Both are considering globalizing solutions. Thus we can see in United land the double heritage of two series of the Florentine group of radical architects reunited under the Superstudio label. The general ambition would rather be allegiance to the continuous Monument presented by the group in XNUMX, which was intended to be "an architectural model for total urbanization". They declared that "architecture is one of the few ways to make the cosmic order visible on earth". This order or rather this cosmic disorder Ronsiaux considers as the possible continuation of a geomagnetic apocalypse with reference to the scientific theory of the inversion of the planet's magnetic poles. The project is based on the "Survival Map", a Survival Map representing the planet earth with a sea level more than XNUMXm higher. Due to man's loss of control over his environment, water becomes a vector levelling the entire human environment following a feared global melting of the ice. The project's predecessor can be seen in the series Rescue of Italian Historic Centers created in XNUMX by Superstudio following the earthquakes and floods that devastated Florence and Venice. "Man now has no science other than that of his own destruction. The city is now submerged by the now contaminated river of history, which has been transformed into a tide of waste water. »

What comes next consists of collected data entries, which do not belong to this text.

text \<open>Caratheodory's trick: if \<open>K(0) = 0\<close>, the means of \<open>cnj K\<close> and \<open>cnj (G K)\<close> over the
  circle vanish, so only \<open>-G / 2\<close> survives from \<open>1 - Re G = 1 - (G + cnj G) / 2\<close>.\<close>

lemma integral_circlepath_one_minus_Re:
  fixes G K :: "complex \<Rightarrow> complex"
  assumes "0 < \<rho>" "G holomorphic_on cball 0 \<rho>" "K holomorphic_on cball 0 \<rho>" "K 0 = 0"
  shows "integral {0..1} (\<lambda>t. of_real (1 - Re (G (circlepath 0 \<rho> t))) * cnj (K (circlepath 0 \<rho> t)))
       = - integral {0..1} (\<lambda>t. G (circlepath 0 \<rho> t) * cnj (K (circlepath 0 \<rho> t))) / 2"
proof -
  let ?e = "circlepath 0 \<rho>"
  have cG: "continuous_on (sphere 0 \<rho>) G" and cK: "continuous_on (sphere 0 \<rho>) K"
    using assms continuous_on_subset[OF holomorphic_on_imp_continuous_on sphere_cball] by blast+
  have iK: "(\<lambda>t. cnj (K (?e t))) integrable_on {0..1}"
    and iGK: "(\<lambda>t. G (?e t) * cnj (K (?e t))) integrable_on {0..1}"
    and iGK': "(\<lambda>t. cnj (G (?e t) * K (?e t))) integrable_on {0..1}"
    using assms(1) by (intro integrable_circlepath continuous_intros cG cK; simp)+
  have mean_K: "integral {0..1} (\<lambda>t. cnj (K (?e t))) = 0"
    using integral_cnj[of "{0..1}" "\<lambda>t. K (?e t)"] integral_circlepath_holomorphic[OF assms(1,3)] assms(4)
    by simp
  have mean_GK: "integral {0..1} (\<lambda>t. cnj (G (?e t) * K (?e t))) = 0"
    using integral_cnj[of "{0..1}" "\<lambda>t. G (?e t) * K (?e t)"] assms(4)
      integral_circlepath_holomorphic[OF assms(1) holomorphic_on_mult[OF assms(2,3)]]
    by simp
  have "of_real (1 - Re z) * cnj k = cnj k - z * cnj k / 2 - cnj (z * k) / 2" for z k :: complex
  proof -
    have re: "(of_real (Re z) :: complex) = (z + cnj z) / 2" using complex_add_cnj[of z] by simp
    show ?thesis by (simp add: re field_simps)
  qed
  hence "integral {0..1} (\<lambda>t. of_real (1 - Re (G (?e t))) * cnj (K (?e t)))
      = integral {0..1} (\<lambda>t. cnj (K (?e t)) - G (?e t) * cnj (K (?e t)) / 2 - cnj (G (?e t) * K (?e t)) / 2)"
    by presburger
  also have "\<dots> = integral {0..1} (\<lambda>t. cnj (K (?e t))) - integral {0..1} (\<lambda>t. G (?e t) * cnj (K (?e t))) / 2
        - integral {0..1} (\<lambda>t. cnj (G (?e t) * K (?e t))) / 2"
    using iK iGK iGK' by (simp add: integral_diff integrable_diff integrable_on_divide)
  finally show ?thesis unfolding mean_K mean_GK by simp
qed
(* Let $\mathfrak v$ be an exact colinked chain with finite cosupport. Then the subset $\mathbb{LP}(\mathfrak v)^*\subseteq\mathbb{LP}(\mathfrak v)$ parameterizing exact subrepresentations is open and dense in $\mathbb{LP}(\mathfrak v)$.
   Context: Let $k$ be a field. $\mathcal Z$ is the quiver with vertex set $\mathbb Z$ and arrows $\alpha^i\colon i\to i+1$, $\alpha_i\colon i+1\to i$ ($i\in\mathbb Z$). A representation $\mathfrak{v}=(V_i,v_i,v^i)$ has finite-dimensional $k$-spaces $V_i$ and maps $v^i\colon V_i\to V_{i+1}$, $v_i\colon V_{i+1}\to V_i$; compositions $v^i_j$ are $v^{j-1}\circ\cdots\circ v^i$ ($j>i$), $v_j\circ\cdots\circ v_{i-1}$ ($j<i$), identity ($j=i$). A colinked chain satisfies $v_iv^i=0$, $v^iv_i=0$ and $\mathrm{Im}(v_i)+\mathrm{Im}(v^{i-1})=V_i$ for all $i$. A representation is exact if $\ker(v^i)=\mathrm{Im}(v_i)$ and $\ker(v_i)=\mathrm{Im}(v^i)$ for all $i$. A cosupport is $H\subseteq\mathbb Z$ such that for each $i$ there is $j\in H$ with $v^i_j$ injective. $\mathbb{LP}(\mathfrak{v})$ is the set of subrepresentations $\mathfrak w=(W_i)$ (with the restricted maps) with every $W_i\subseteq V_i$ one-dimensional, $v^i(W_i)\subseteq W_{i+1}$, $v_i(W_{i+1})\subseteq W_i$, given the scheme structure of the closed subscheme of $\prod_{i\in H}\mathbb P(V_i)$, for any finite interval cosupport $H$, defined by $v^i_j(x_i)\wedge x_j=0$ for $i,j\in H$. *)

theory Defs
  imports "HOL-Algebra.Algebraic_Closure_Type"
begin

Nicolas Moulin claimed the influence of the Florentines which allows us to locate United Land within a (restricted) family of creators, linked to groups like VIDERPARIS (2001) or INTERLICHTENSTADT (2009) which also showcase new forms of monuments. These artists
share the desire to work in a logic crossing their different serial proposals. François Ronsiaux's photomontages are divided between two colorful universes, although blue light is dominant, certain scenes are marked by a colder atmosphere evoking icy situations. In 2016, his more sculptural works of Ice Clock are made up of a “Refrigeration unit, and 3D printing in stainless steel and 3D printing on epoxy”. The iceberg suspended under a glass bell partially melts and reconstitutes itself cyclically, flooding part of an artificial landscape supporting the piece.

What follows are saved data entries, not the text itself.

lemma sorted_01_list_sum_1_nth:
  fixes L :: "real list"
  assumes sorted: "sorted L" and vals: "set L \<subseteq> {0, 1}" and sum: "sum_list L = 1"
    and i: "i < length L"
  shows "L ! i = (if i = length L - 1 then 1 else 0)"
proof -
  define N where "N = length L"
  have val: "L ! j = 0 \<or> L ! j = 1" if "j < N" for j
    using vals that nth_mem unfolding N_def by blast
  have sum_nth: "(\<Sum>j<N. L ! j) = 1"
    using sum unfolding N_def by (simp add: sum_list_sum_nth atLeast0LessThan)
  have top: "L ! (N - 1) = 1"
  proof (rule ccontr)
    assume "L ! (N - 1) \<noteq> 1"
    then have "L ! j = 0" if "j < N" for j
      using val[OF that] val[of "N - 1"] that sorted_nth_mono[OF sorted, of j "N - 1"]
      unfolding N_def by fastforce
    then show False using sum_nth by simp
  qed
  have "L ! j = 0" if "j < N - 1" for j
  proof (rule ccontr)
    assume "L ! j \<noteq> 0"
    then have "L ! j = 1" using val[of j] that by auto
    have "L ! j + L ! (N - 1) = (\<Sum>k\<in>{j, N - 1}. L ! k)" using that by simp
    also have "\<dots> \<le> (\<Sum>k<N. L ! k)"
      by (rule sum_mono2) (use that val in force)+
    finally show False using sum_nth top \<open>L ! j = 1\<close> by simp
  qed
  then show ?thesis using top i unfolding N_def by auto
qed

lemma mult_cnj_eq_cmod_sq: "z * cnj z = complex_of_real ((cmod z)\<^sup>2)"
  by (simp only: complex_norm_square)

lemma pure_dm_carrier: "dim_vec psi = N \<Longrightarrow> pure_dm psi \<in> carrier_mat N N"
  unfolding pure_dm_def by simp

lemma pure_dm_idempotent:
  assumes dim: "dim_vec psi = N" and norm: "(\<Sum>k<N. (cmod (psi $ k))\<^sup>2) = 1"
  shows "pure_dm psi * pure_dm psi = pure_dm psi"
proof (rule eq_matI)
  have "(\<Sum>m<N. cnj (psi $ m) * psi $ m) = complex_of_real (\<Sum>m<N. (cmod (psi $ m))\<^sup>2)"
    by (simp add: mult_cnj_eq_cmod_sq mult.commute)
  then have inner: "(\<Sum>m<N. cnj (psi $ m) * psi $ m) = 1" using norm by simp
  fix k l assume "k < dim_row (pure_dm psi)" "l < dim_col (pure_dm psi)"
  then have kl: "k < N" "l < N" using dim by (auto simp: pure_dm_def)
  have "(pure_dm psi * pure_dm psi) $$ (k,l)
      = (\<Sum>m<N. psi $ k * cnj (psi $ m) * (psi $ m * cnj (psi $ l)))"
    using kl dim by (simp add: pure_dm_def scalar_prod_def atLeast0LessThan)
  also have "\<dots> = psi $ k * cnj (psi $ l) * (\<Sum>m<N. cnj (psi $ m) * psi $ m)"
    by (simp add: sum_distrib_left algebra_simps)
  finally show "(pure_dm psi * pure_dm psi) $$ (k,l) = pure_dm psi $$ (k,l)"
    using inner kl dim by (simp add: pure_dm_def)
qed (auto simp: pure_dm_def)

lemma eigs_pure_dm_nth:
  assumes dim: "dim_vec psi = N" and norm: "(\<Sum>k<N. (cmod (psi $ k))\<^sup>2) = 1" and j: "j < N"
  shows "eigs (pure_dm psi) ! j = (if j = N - 1 then 1 else 0)"
proof -
  have P: "pure_dm psi \<in> carrier_mat N N" using pure_dm_carrier[OF dim] .
  obtain as where as: "eigs (pure_dm psi) = sort (map Re as)"
    "\<And>a. a \<in> set as \<Longrightarrow> poly (char_poly (pure_dm psi)) a = 0"
    using eigs_char_poly_roots[OF P] by metis
  have "Re a \<in> {0, 1}" if "a \<in> set as" for a
    using idempotent_mat_eigenvalue[OF P pure_dm_idempotent[OF dim norm] as(2)[OF that]] by auto
  then have "set (eigs (pure_dm psi)) \<subseteq> {0, 1}"
    unfolding as(1) by auto
  moreover have "mat_trace (pure_dm psi) = complex_of_real (\<Sum>k<N. (cmod (psi $ k))\<^sup>2)"
    unfolding mat_trace_def using dim by (simp add: pure_dm_def mult_cnj_eq_cmod_sq)
  then have "sum_list (eigs (pure_dm psi)) = 1"
    using sum_list_eigs[OF P] norm by simp
  ultimately show ?thesis
    using sorted_01_list_sum_1_nth[of "eigs (pure_dm psi)" j] length_eigs[OF P] j as(1) by simp
qed

lemma battery_capacity_pure_dm:
  assumes dim: "dim_vec psi = N" and norm: "(\<Sum>k<N. (cmod (psi $ k))\<^sup>2) = 1" and "N > 0"
  shows "battery_capacity (pure_dm psi) H = eigs H ! (N - 1) - eigs H ! 0"
proof -
  have dim_row: "dim_row (pure_dm psi) = N" using dim by (simp add: pure_dm_def)
  have len: "length (eigs (pure_dm psi)) = N" using length_eigs[OF pure_dm_carrier[OF dim]] .
  have "active_energy (pure_dm psi) H = (\<Sum>j<N. if j = N - 1 then eigs H ! j else 0)"
    unfolding active_energy_def dim_row
    by (intro sum.cong) (auto simp: eigs_pure_dm_nth[OF dim norm])
  moreover have "passive_energy (pure_dm psi) H = (\<Sum>j<N. if j = 0 then eigs H ! j else 0)"
    unfolding passive_energy_def dim_row
    by (intro sum.cong) (auto simp: rev_nth len eigs_pure_dm_nth[OF dim norm])
  ultimately show ?thesis using \<open>N > 0\<close> unfolding battery_capacity_def by simp
qed

section \<open>The bipartition X | X^c\<close>

lemma reduced_carrier: "reduced n psi X \<in> carrier_mat (2^card X) (2^card X)"
  unfolding reduced_def by simp

lemma mat_trace_reduced:
  assumes X: "X \<subseteq> {0..<n}"
  shows "mat_trace (reduced n psi X) = complex_of_real (\<Sum>k<2^n. (cmod (psi $ k))\<^sup>2)"
proof -
  let ?C = "compl_q n X"
  let ?T = "\<lambda>a k l. if restr X k = a \<and> restr X l = a \<and> restr ?C k = restr ?C l
        then psi $ k * cnj (psi $ l) else 0"
  have "mat_trace (reduced n psi X) = (\<Sum>k<2^n. \<Sum>l<2^n. \<Sum>a<2^card X. ?T a k l)"
    unfolding mat_trace_def reduced_def by (simp add: sum.swap[of _ "{..<2^card X}"])
  also have "\<dots> = (\<Sum>k<2^n. \<Sum>l<2^n. if l = k then psi $ k * cnj (psi $ l) else 0)"
  proof (intro sum.cong refl)
    fix k l assume "k \<in> {..<(2::nat)^n}" "l \<in> {..<(2::nat)^n}"
    then have same: "restr X l = restr X k \<and> restr ?C k = restr ?C l \<longleftrightarrow> l = k"
      using restr_compl_q_inj[OF X, of k l] by auto
    have "(\<Sum>a<2^card X. ?T a k l) = (\<Sum>a<2^card X. if a = restr X k then
        (if restr X l = restr X k \<and> restr ?C k = restr ?C l then psi $ k * cnj (psi $ l) else 0)
        else 0)"
      by (intro sum.cong) auto
    then show "(\<Sum>a<2^card X. ?T a k l) = (if l = k then psi $ k * cnj (psi $ l) else 0)"
      using restr_less[of X k] same by simp
  qed
  also have "\<dots> = complex_of_real (\<Sum>k<2^n. (cmod (psi $ k))\<^sup>2)"
    by (simp add: mult_cnj_eq_cmod_sq)
  finally show ?thesis .
qed

lemma sum_list_eigs_reduced:
  assumes "X \<subseteq> {0..<n}" and "(\<Sum>k<2^n. (cmod (psi $ k))\<^sup>2) = 1"
  shows "sum_list (eigs (reduced n psi X)) = 1"
  using sum_list_eigs[OF reduced_carrier] mat_trace_reduced[OF assms(1)] assms(2) by simp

These different states of ecological concern about territories of human survival lead to the creation of what Michel Lussault calls Hyper-Lieux in his essay subtitled The new geographies of globalization (Seuil 2017). He links them to these particular climatic phenomena where events take place, he notes about them : "The contemporary world is increasingly marked by the importance taken by the spatial imagination of the disaster." Because the term dystopia, which materializes these collective psychoses, is unfamiliar to a wide audience, one may prefer its synonym of counter-utopia. United land attempts an ironic approach to this globalization with a series of flags customized to the United Nation’s disaster blue.